● Task item
The expected output is every line from the one containing "using mult(2) measurable_cong_sets[OF" to the end of the data below, exactly, and no other line.

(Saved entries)
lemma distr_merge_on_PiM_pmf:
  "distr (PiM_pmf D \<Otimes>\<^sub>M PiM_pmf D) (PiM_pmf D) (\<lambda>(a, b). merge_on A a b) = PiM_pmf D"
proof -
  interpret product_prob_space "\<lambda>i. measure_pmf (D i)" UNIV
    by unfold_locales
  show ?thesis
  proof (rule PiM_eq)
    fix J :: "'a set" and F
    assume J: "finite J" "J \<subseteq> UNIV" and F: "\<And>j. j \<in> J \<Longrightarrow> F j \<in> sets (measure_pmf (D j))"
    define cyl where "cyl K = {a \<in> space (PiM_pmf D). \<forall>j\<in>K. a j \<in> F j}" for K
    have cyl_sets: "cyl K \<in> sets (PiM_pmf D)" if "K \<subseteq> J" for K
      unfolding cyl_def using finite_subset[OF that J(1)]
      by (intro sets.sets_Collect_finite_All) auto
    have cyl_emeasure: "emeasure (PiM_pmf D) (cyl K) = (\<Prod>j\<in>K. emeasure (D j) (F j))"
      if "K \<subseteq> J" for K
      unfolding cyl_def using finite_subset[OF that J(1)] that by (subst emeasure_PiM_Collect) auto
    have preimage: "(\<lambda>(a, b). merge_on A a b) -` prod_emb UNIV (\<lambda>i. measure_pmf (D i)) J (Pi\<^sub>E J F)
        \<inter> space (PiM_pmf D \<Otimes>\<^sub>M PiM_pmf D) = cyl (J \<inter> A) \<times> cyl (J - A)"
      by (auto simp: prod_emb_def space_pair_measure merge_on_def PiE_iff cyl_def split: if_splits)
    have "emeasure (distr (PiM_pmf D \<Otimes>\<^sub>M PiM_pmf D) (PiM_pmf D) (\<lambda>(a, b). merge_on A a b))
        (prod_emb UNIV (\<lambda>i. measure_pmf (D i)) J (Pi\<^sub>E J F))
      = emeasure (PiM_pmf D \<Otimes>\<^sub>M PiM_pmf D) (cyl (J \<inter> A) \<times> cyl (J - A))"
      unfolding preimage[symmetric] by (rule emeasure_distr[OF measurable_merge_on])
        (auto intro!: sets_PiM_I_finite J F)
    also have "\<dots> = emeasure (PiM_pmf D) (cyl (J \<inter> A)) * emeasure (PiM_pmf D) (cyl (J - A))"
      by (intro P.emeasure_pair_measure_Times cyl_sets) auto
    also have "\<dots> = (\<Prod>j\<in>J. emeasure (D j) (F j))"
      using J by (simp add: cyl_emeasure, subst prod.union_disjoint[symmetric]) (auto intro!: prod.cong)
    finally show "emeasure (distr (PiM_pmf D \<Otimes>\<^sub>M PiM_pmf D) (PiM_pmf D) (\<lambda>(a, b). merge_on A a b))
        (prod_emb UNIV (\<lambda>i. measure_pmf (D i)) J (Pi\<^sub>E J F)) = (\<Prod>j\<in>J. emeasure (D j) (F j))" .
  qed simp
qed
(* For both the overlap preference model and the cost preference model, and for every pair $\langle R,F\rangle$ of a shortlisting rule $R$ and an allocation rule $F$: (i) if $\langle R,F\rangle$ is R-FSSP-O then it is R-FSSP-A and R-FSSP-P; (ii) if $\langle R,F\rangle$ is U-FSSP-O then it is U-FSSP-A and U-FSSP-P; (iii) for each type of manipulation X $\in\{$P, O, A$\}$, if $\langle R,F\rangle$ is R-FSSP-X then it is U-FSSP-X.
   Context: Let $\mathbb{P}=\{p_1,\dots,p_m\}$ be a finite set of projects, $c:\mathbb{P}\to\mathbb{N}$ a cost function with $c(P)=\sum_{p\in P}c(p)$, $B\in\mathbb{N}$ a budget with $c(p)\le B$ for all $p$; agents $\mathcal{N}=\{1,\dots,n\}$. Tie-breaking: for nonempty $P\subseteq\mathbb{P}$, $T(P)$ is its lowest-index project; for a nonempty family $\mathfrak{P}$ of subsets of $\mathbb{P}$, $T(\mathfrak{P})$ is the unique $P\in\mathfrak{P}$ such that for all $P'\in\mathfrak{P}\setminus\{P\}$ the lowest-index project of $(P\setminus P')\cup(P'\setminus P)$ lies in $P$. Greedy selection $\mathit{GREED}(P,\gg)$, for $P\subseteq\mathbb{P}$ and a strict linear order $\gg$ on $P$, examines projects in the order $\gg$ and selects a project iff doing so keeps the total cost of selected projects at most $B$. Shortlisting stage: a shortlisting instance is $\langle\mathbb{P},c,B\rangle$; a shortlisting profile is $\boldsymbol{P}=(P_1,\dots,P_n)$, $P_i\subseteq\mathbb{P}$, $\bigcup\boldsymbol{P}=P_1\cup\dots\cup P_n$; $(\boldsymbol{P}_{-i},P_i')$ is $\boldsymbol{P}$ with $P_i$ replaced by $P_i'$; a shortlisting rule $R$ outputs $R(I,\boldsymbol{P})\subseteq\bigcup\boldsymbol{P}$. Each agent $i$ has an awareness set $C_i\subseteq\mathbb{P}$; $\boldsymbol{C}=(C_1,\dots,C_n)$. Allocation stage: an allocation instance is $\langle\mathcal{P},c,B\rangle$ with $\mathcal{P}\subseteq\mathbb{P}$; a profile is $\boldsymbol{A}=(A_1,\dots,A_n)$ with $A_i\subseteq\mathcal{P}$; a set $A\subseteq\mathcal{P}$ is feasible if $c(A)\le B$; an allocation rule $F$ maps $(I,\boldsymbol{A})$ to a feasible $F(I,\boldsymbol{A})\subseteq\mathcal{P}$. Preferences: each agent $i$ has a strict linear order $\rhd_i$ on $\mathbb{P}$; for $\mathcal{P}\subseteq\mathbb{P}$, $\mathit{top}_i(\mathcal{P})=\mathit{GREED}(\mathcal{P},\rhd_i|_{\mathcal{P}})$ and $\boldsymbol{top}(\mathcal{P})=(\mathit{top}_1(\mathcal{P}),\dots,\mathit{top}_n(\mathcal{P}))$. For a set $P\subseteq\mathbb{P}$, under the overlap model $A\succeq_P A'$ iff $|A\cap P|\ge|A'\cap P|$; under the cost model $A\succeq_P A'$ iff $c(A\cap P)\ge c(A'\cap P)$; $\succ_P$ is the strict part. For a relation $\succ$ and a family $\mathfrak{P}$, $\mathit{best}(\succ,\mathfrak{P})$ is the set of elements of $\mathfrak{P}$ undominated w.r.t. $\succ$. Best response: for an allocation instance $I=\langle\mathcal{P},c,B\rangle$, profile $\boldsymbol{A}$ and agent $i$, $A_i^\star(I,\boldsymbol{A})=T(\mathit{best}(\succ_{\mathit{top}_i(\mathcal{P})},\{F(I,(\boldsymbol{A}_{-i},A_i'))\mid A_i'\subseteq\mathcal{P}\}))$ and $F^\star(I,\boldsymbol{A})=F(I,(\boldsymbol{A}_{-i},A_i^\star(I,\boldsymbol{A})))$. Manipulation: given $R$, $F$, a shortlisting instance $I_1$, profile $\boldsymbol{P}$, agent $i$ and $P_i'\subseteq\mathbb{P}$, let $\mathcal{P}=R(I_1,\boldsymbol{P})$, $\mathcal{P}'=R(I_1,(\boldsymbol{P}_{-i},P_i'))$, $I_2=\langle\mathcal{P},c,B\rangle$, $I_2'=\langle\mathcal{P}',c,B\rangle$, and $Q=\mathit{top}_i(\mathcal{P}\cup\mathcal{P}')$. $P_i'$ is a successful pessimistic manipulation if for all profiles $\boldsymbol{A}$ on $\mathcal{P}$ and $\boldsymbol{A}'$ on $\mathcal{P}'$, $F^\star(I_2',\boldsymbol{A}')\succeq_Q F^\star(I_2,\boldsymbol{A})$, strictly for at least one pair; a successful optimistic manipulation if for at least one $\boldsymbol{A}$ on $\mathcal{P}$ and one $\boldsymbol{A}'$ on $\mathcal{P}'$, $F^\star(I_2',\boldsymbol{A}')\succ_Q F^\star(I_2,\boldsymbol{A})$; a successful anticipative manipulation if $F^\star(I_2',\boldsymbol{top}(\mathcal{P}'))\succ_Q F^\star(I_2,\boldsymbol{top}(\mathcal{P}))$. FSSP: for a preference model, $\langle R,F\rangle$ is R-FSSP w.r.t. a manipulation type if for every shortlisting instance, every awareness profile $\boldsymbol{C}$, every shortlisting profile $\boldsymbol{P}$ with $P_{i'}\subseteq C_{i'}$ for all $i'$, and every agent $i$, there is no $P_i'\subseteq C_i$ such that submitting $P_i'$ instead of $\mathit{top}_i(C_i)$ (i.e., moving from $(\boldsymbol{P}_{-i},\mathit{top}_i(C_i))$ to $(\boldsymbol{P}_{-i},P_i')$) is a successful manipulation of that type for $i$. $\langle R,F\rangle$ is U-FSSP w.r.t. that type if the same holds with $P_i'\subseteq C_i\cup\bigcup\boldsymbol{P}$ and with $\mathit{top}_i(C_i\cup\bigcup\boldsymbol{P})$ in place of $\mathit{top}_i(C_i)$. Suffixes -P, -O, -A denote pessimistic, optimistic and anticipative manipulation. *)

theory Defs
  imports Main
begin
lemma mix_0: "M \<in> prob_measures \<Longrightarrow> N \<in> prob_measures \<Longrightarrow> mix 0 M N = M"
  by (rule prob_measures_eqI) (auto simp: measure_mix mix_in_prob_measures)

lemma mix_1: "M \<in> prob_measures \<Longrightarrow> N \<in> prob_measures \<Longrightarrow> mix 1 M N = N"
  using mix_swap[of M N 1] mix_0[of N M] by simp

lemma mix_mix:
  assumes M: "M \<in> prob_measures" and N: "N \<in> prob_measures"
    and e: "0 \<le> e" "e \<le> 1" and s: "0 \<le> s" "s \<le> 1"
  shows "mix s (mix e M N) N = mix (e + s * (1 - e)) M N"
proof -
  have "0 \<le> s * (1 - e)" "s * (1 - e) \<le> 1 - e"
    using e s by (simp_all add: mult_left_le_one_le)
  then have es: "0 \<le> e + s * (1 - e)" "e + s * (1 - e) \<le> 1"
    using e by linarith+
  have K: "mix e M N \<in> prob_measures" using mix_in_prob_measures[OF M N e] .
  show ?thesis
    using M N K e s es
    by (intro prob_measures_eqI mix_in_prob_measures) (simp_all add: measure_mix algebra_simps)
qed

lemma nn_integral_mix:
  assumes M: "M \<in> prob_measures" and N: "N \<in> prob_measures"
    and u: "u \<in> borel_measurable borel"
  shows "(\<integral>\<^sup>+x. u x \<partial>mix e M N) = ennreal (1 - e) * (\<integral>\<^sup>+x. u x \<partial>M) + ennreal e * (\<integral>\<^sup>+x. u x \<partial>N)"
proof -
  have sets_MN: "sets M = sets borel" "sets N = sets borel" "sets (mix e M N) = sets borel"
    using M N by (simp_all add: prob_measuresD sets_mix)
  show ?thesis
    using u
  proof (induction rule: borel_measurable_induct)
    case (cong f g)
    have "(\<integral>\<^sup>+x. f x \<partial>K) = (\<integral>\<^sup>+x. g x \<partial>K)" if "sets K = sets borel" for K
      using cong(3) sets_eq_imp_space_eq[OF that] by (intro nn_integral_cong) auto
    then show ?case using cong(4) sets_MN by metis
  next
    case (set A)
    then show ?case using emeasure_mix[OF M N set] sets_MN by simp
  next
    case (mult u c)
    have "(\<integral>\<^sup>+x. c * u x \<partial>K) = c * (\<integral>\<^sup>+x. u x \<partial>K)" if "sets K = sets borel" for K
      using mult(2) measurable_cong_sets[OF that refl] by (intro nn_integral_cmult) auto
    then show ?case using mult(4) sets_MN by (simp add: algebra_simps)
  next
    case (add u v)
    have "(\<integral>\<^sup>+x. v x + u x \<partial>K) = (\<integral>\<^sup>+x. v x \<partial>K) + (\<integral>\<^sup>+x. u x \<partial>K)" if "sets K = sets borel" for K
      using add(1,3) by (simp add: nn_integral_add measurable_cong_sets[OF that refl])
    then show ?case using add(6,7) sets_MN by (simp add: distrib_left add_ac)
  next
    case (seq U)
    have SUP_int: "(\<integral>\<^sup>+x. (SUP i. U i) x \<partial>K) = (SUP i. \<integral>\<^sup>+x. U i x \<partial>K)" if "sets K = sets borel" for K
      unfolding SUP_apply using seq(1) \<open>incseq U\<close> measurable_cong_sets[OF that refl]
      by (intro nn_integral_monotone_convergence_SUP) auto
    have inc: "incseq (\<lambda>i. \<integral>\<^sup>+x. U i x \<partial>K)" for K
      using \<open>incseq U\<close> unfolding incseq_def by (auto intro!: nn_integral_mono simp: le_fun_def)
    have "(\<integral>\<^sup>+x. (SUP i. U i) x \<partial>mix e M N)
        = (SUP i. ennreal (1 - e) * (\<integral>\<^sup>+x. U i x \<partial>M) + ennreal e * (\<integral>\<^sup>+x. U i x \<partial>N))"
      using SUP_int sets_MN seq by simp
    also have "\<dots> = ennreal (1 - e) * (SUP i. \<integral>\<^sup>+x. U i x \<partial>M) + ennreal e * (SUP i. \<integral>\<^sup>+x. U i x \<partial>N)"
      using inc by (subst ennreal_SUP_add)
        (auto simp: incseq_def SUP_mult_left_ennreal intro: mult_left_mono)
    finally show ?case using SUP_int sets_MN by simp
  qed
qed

● Reply to the task
      using mult(2) measurable_cong_sets[OF that refl] by (intro nn_integral_cmult) auto
    then show ?case using mult(4) sets_MN by (simp add: algebra_simps)
  next
    case (add u v)
    have "(\<integral>\<^sup>+x. v x + u x \<partial>K) = (\<integral>\<^sup>+x. v x \<partial>K) + (\<integral>\<^sup>+x. u x \<partial>K)" if "sets K = sets borel" for K
      using add(1,3) by (simp add: nn_integral_add measurable_cong_sets[OF that refl])
    then show ?case using add(6,7) sets_MN by (simp add: distrib_left add_ac)
  next
    case (seq U)
    have SUP_int: "(\<integral>\<^sup>+x. (SUP i. U i) x \<partial>K) = (SUP i. \<integral>\<^sup>+x. U i x \<partial>K)" if "sets K = sets borel" for K
      unfolding SUP_apply using seq(1) \<open>incseq U\<close> measurable_cong_sets[OF that refl]
      by (intro nn_integral_monotone_convergence_SUP) auto
    have inc: "incseq (\<lambda>i. \<integral>\<^sup>+x. U i x \<partial>K)" for K
      using \<open>incseq U\<close> unfolding incseq_def by (auto intro!: nn_integral_mono simp: le_fun_def)
    have "(\<integral>\<^sup>+x. (SUP i. U i) x \<partial>mix e M N)
        = (SUP i. ennreal (1 - e) * (\<integral>\<^sup>+x. U i x \<partial>M) + ennreal e * (\<integral>\<^sup>+x. U i x \<partial>N))"
      using SUP_int sets_MN seq by simp
    also have "\<dots> = ennreal (1 - e) * (SUP i. \<integral>\<^sup>+x. U i x \<partial>M) + ennreal e * (SUP i. \<integral>\<^sup>+x. U i x \<partial>N)"
      using inc by (subst ennreal_SUP_add)
        (auto simp: incseq_def SUP_mult_left_ennreal intro: mult_left_mono)
    finally show ?case using SUP_int sets_MN by simp
  qed
qed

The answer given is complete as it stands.